To ensure a comprehensive and effective training, our network is optimized via a multi-output supervision strategy. The decoder produces segmentation predictions at three distinct scales. Outputs from coarser scales, referred to as auxiliary outputs, provide intermediate supervision signals. This deep supervision technique ensures that feature representations across all network depths are effectively optimized.

Furthermore, our SGE generates a dedicated edge map. This output is directly supervised by ground-truth boundary maps, compelling the SGE to explicitly learn high-fidelity structural guidance. This ensures that the guidance provided to our core module SGDC is both accurate and rich in essential boundary details.


\subsection{Structure Guidance Extractor}

The SGE module, detailed in Fig.~\ref{fig:1} (b), is designed to generate the high-fidelity structural guidance essential for our SGDC mechanism. Its core innovation lies in the decoupling of two distinct tasks: generating a single channel edge map for explicit supervision and a multi-channel structural guidance feature for the SGDC modules. This design is crucial because the ideal representations for these tasks differ; supervision requires sharp, precise contours, whereas guidance benefits from richer, multi-dimensional information. The SGE workflow begins by processing features from two distinct network stages: the deep, semantic-rich features from the final encoder block and the shallow, high-resolution features from the first encoder. To align their channel dimensions and ensure computational efficiency, the deep features are first projected into a lower-dimensional space via a $1 \times 1$ convolution. Both feature streams are then processed to extract structural details. In contrast to methods using learnable convolutions for this task, we employ a classic, non-trainable Sobel operator whose fixed kernels explicitly inject a stable and efficient structural guidance into the network, obviating the need to learn basic gradient extraction from scratch. We consciously employ a deterministic Sobel operator over learnable convolutions for this stage. While learnable layers offer flexibility, they are prone to overfitting to specific semantic textures in deep networks, potentially diluting the purity of boundary cues. The fixed Sobel operator acts as a 'structural anchor', ensuring that the extracted guidance remains strictly faithful to geometric gradients regardless of the varying semantic contexts. This injects a stable, domain-independent structural prior into the dynamic mechanism. This process is enhanced through an "Edge Modulation" operation, formulated as:

\begin{equation}F_{mod} = F_{in} \odot \sigma\left(\sqrt{(F_{in} * K_x)^2 + (F_{in} * K_y)^2}\right)
\end{equation}

\noindent where $F_{in}$ is the input feature, $*$ denotes convolution with the Sobel kernels ($K_x, K_y$), $\odot$ the element-wise multiplication, and $\sigma$ is the Sigmoid function. This operation selectively amplifies feature activations corresponding to edges. During the fusion stage, the processed deep and shallow features are concatenated. This combined feature map is then passed through a $3 \times 3$ convolution to promote effective interaction and integration. Finally, this refined feature is fed into two independent convolutional heads to generate the decoupled outputs. The single channel edge map is directly supervised by ground-truth boundary maps to ensure localization accuracy, while the Structural Guidance is passed to the SGDC modules, providing the essential high-frequency information that enables effective boundary-aware feature refinement.

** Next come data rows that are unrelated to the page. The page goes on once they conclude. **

(* The functors $\varepsilon_C:Sd(C)\to C$ are natural in $C$: for every functor $f:C\to D$ between small categories, $f\circ\varepsilon_C=\varepsilon_D\circ Sd(f)$. Hence they form a natural transformation $\varepsilon:Sd\Rightarrow\mathrm{id}_{\mathcal{Cat}}$.
   Context: For a small category $C$: a $q$-simplex of the nerve $NC$ is a functor $X:[q]\to C$ ($[q]=\{0<\dots<q\}$), i.e. a chain of arrows $f_i:X_{i-1}\to X_i$; $q_X=q$; for $i\le j$, $X(i\to j)$ denotes the composite $X_i\to X_j$. $X$ is non-degenerate if no $f_i$ is an identity. $\Delta/C$ has all simplices as objects and as morphisms $X\to Y$ the order-preserving $\xi:[q_X]\to[q_Y]$ with $Y\circ\xi=X$, written $\xi_*$. For a $q$-simplex $X$ and surjective order-preserving $s:[q+1]\to[q]$ with order-preserving right inverses $d,d'$, $d_*,d'_*:X\to X\circ s$ are elementary equivalent; $\sim$ is the smallest equivalence relation on morphisms of $\Delta/C$ compatible with composition containing these pairs; $[\Delta/C]$ is the quotient category; $Sd(C)$ is its full subcategory on the non-degenerate simplices. $\varepsilon_C:Sd(C)\to C$ sends $X$ to $X_{q_X}$ and $[\xi_*]:X\to Y$ to $Y(\xi(q_X)\to q_Y)$. For a simplex $X=(f_1,\dots,f_q)$, $r(X)$ is the non-degenerate simplex obtained by deleting identity arrows, of dimension $p_X$, and $\alpha_X:[q_X]\to[p_X]$ is the surjective order-preserving map with $\alpha_X(i-1)=\alpha_X(i)$ iff $f_i$ is an identity, so $X=r(X)\circ\alpha_X$. For a functor $f:C\to D$, the functor $Sd(f):Sd(C)\to Sd(D)$ sends $X$ to $r(f\circ X)$ and $[\xi_*]:X\to Y$ to $[(\alpha_{f\circ Y}\circ\xi\circ\sigma)_*]$, where $\sigma$ is any order-preserving right inverse of $\alpha_{f\circ X}$. *)

theory Defs
  imports Main "HOL-Library.FuncSet"
begin

record ('o,'a) cat =
  Obj  :: "'o set"
  Arr  :: "'a set"
  Dom  :: "'a \<Rightarrow> 'o"
  Cod  :: "'a \<Rightarrow> 'o"
  Id   :: "'o \<Rightarrow> 'a"
  Comp :: "'a \<Rightarrow> 'a \<Rightarrow> 'a"   (* Comp C g f = g \<circ> f *)

definition category :: "('o,'a) cat \<Rightarrow> bool" where
  "category C \<longleftrightarrow>
     (\<forall>f\<in>Arr C. Dom C f \<in> Obj C \<and> Cod C f \<in> Obj C) \<and>
     (\<forall>x\<in>Obj C. Id C x \<in> Arr C \<and> Dom C (Id C x) = x \<and> Cod C (Id C x) = x) \<and>
     (\<forall>f\<in>Arr C. \<forall>g\<in>Arr C. Cod C f = Dom C g \<longrightarrow>
        Comp C g f \<in> Arr C \<and> Dom C (Comp C g f) = Dom C f \<and> Cod C (Comp C g f) = Cod C g) \<and>
     (\<forall>f\<in>Arr C. Comp C f (Id C (Dom C f)) = f \<and> Comp C (Id C (Cod C f)) f = f) \<and>
     (\<forall>f\<in>Arr C. \<forall>g\<in>Arr C. \<forall>h\<in>Arr C. Cod C f = Dom C g \<longrightarrow> Cod C g = Dom C h \<longrightarrow>
        Comp C h (Comp C g f) = Comp C (Comp C h g) f)"

definition "functor" :: "('o,'a) cat \<Rightarrow> ('p,'b) cat \<Rightarrow> ('o \<Rightarrow> 'p) \<Rightarrow> ('a \<Rightarrow> 'b) \<Rightarrow> bool" where
  "functor C D Fo Fa \<longleftrightarrow>
     (\<forall>x\<in>Obj C. Fo x \<in> Obj D) \<and>
     (\<forall>f\<in>Arr C. Fa f \<in> Arr D \<and> Dom D (Fa f) = Fo (Dom C f) \<and> Cod D (Fa f) = Fo (Cod C f)) \<and>
     (\<forall>x\<in>Obj C. Fa (Id C x) = Id D (Fo x)) \<and>
     (\<forall>f\<in>Arr C. \<forall>g\<in>Arr C. Cod C f = Dom C g \<longrightarrow> Fa (Comp C g f) = Comp D (Fa g) (Fa f))"

definition is_id :: "('o,'a) cat \<Rightarrow> 'a \<Rightarrow> bool" where
  "is_id C f \<longleftrightarrow> f = Id C (Dom C f)"

text \<open>A q-simplex X : [q] \<rightarrow> C is represented as the chain (X_0, [f_1,...,f_q])
  with f_i : X_(i-1) \<rightarrow> X_i (list index i-1).\<close>
type_synonym ('o,'a) simplex = "'o \<times> 'a list"

definition dimS :: "('o,'a) simplex \<Rightarrow> nat" where
  "dimS X = length (snd X)"

definition objS :: "('o,'a) cat \<Rightarrow> ('o,'a) simplex \<Rightarrow> nat \<Rightarrow> 'o" where
  "objS C X i = (if i = 0 then fst X else Cod C (snd X ! (i - 1)))"

definition simplex :: "('o,'a) cat \<Rightarrow> ('o,'a) simplex \<Rightarrow> bool" where
  "simplex C X \<longleftrightarrow> fst X \<in> Obj C \<and>
     (\<forall>i < dimS X. snd X ! i \<in> Arr C \<and> Dom C (snd X ! i) = objS C X i)"

definition nondeg :: "('o,'a) cat \<Rightarrow> ('o,'a) simplex \<Rightarrow> bool" where
  "nondeg C X \<longleftrightarrow> simplex C X \<and> (\<forall>f \<in> set (snd X). \<not> is_id C f)"

text \<open>X(i \<rightarrow> j) for i \<le> j: the composite f_j \<circ> ... \<circ> f_(i+1) (identity if i = j).\<close>
fun chain_comp :: "('o,'a) cat \<Rightarrow> ('o,'a) simplex \<Rightarrow> nat \<Rightarrow> nat \<Rightarrow> 'a" where
  "chain_comp C X i 0 = Id C (objS C X i)"
| "chain_comp C X i (Suc j) =
     (if i \<le> j then Comp C (snd X ! j) (chain_comp C X i j) else Id C (objS C X i))"

text \<open>Y \<circ> \<xi> for an order-preserving \<xi> : [q] \<rightarrow> [q_Y].\<close>
definition precomp :: "('o,'a) cat \<Rightarrow> ('o,'a) simplex \<Rightarrow> nat \<Rightarrow> (nat \<Rightarrow> nat) \<Rightarrow> ('o,'a) simplex" where
  "precomp C Y q \<xi> = (objS C Y (\<xi> 0), map (\<lambda>i. chain_comp C Y (\<xi> i) (\<xi> (Suc i))) [0..<q])"

definition opmap :: "nat \<Rightarrow> nat \<Rightarrow> (nat \<Rightarrow> nat) \<Rightarrow> bool" where
  "opmap p q \<xi> \<longleftrightarrow> \<xi> \<in> {0..p} \<rightarrow>\<^sub>E {0..q} \<and> mono_on {0..p} \<xi>"

type_synonym ('o,'a) dmor = "('o,'a) simplex \<times> (nat \<Rightarrow> nat) \<times> ('o,'a) simplex"

definition srcM :: "('o,'a) dmor \<Rightarrow> ('o,'a) simplex" where "srcM \<phi> = fst \<phi>"
definition mapM :: "('o,'a) dmor \<Rightarrow> nat \<Rightarrow> nat" where "mapM \<phi> = fst (snd \<phi>)"
definition tgtM :: "('o,'a) dmor \<Rightarrow> ('o,'a) simplex" where "tgtM \<phi> = snd (snd \<phi>)"

text \<open>\<xi>_* : X \<rightarrow> Y, with Y \<circ> \<xi> = X.\<close>
definition dmor :: "('o,'a) cat \<Rightarrow> ('o,'a) dmor \<Rightarrow> bool" where
  "dmor C \<phi> \<longleftrightarrow> simplex C (srcM \<phi>) \<and> simplex C (tgtM \<phi>) \<and>
     opmap (dimS (srcM \<phi>)) (dimS (tgtM \<phi>)) (mapM \<phi>) \<and>
     precomp C (tgtM \<phi>) (dimS (srcM \<phi>)) (mapM \<phi>) = srcM \<phi>"

definition compM :: "('o,'a) dmor \<Rightarrow> ('o,'a) dmor \<Rightarrow> ('o,'a) dmor" where
  "compM \<psi> \<phi> = (srcM \<phi>, compose {0..dimS (srcM \<phi>)} (mapM \<psi>) (mapM \<phi>), tgtM \<psi>)"

inductive msim :: "('o,'a) cat \<Rightarrow> ('o,'a) dmor \<Rightarrow> ('o,'a) dmor \<Rightarrow> bool" for C where
  elem: "\<lbrakk> simplex C X; q = dimS X; opmap (Suc q) q s; s ` {0..Suc q} = {0..q};
           opmap q (Suc q) d; \<forall>i\<in>{0..q}. s (d i) = i;
           opmap q (Suc q) d'; \<forall>i\<in>{0..q}. s (d' i) = i \<rbrakk>
         \<Longrightarrow> msim C (X, d, precomp C X (Suc q) s) (X, d', precomp C X (Suc q) s)"
| refl: "dmor C \<phi> \<Longrightarrow> msim C \<phi> \<phi>"
| sym: "msim C \<phi> \<psi> \<Longrightarrow> msim C \<psi> \<phi>"
| trans: "msim C \<phi> \<psi> \<Longrightarrow> msim C \<psi> \<chi> \<Longrightarrow> msim C \<phi> \<chi>"
| compL: "\<lbrakk> msim C \<phi> \<phi>'; dmor C \<psi>; srcM \<psi> = tgtM \<phi> \<rbrakk> \<Longrightarrow> msim C (compM \<psi> \<phi>) (compM \<psi> \<phi>')"
| compR: "\<lbrakk> msim C \<phi> \<phi>'; dmor C \<chi>; tgtM \<chi> = srcM \<phi> \<rbrakk> \<Longrightarrow> msim C (compM \<phi> \<chi>) (compM \<phi>' \<chi>)"

definition mclass :: "('o,'a) cat \<Rightarrow> ('o,'a) dmor \<Rightarrow> ('o,'a) dmor set" where
  "mclass C \<phi> = {\<psi>. msim C \<phi> \<psi>}"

\subsection{Structure-Guided Dynamic Convolution Module}
Standard dynamic convolutions, despite their spatial adaptability, are fundamentally limited by their reliance on pooling operations that degrade structural details. To overcome this, we propose the SGDC, a novel feature refinement unit that replaces the conventional pooling-driven method with a guidance-driven one. As illustrated in Fig.~\ref{fig:1} (c), the SGDC is a feature processing block centered around a lightweight parameterization head that generates adaptive weights for a parallel dual-branch execution body.

The SGDC module takes two inputs: the main feature map from the encoder, Feature X ($F_X$), and the multi-channel structural guidance ($F_{guidance}$) from the SGE. These features are fused via element-wise addition to form the input to the parameter generation head, a single 1x1 convolution. It dynamically generates three outputs for each spatial location: the dynamic kernel weights ($W_{dyn}$), and two gating signals, Gate1 ($g_1$) and Gate2 ($g_2$).

This dual-branch body processes the input feature $F_X$ through two complementary parallel branches. Before branching, it is crucial to normalize  $F_X$ by a LayerNorm layer. The main dynamic branch applies an `unfold` operation to decompose the normalized feature map into overlapping local patches. The generated kernel weights ($W_{dyn}$) are passed through a `Softmax` function to act as spatially-varying weighting coefficients. A weighted sum of the patches is then computed—a process equivalent to a large-kernel, spatially variant convolution—and the result is recomposed via a `fold` operation and modulated by Gate2 ($g_2$). The second branch, a local refinement path, modulates the normalized feature with Gate1 ($g_1$) and processes it with a 3x3 depthwise convolution.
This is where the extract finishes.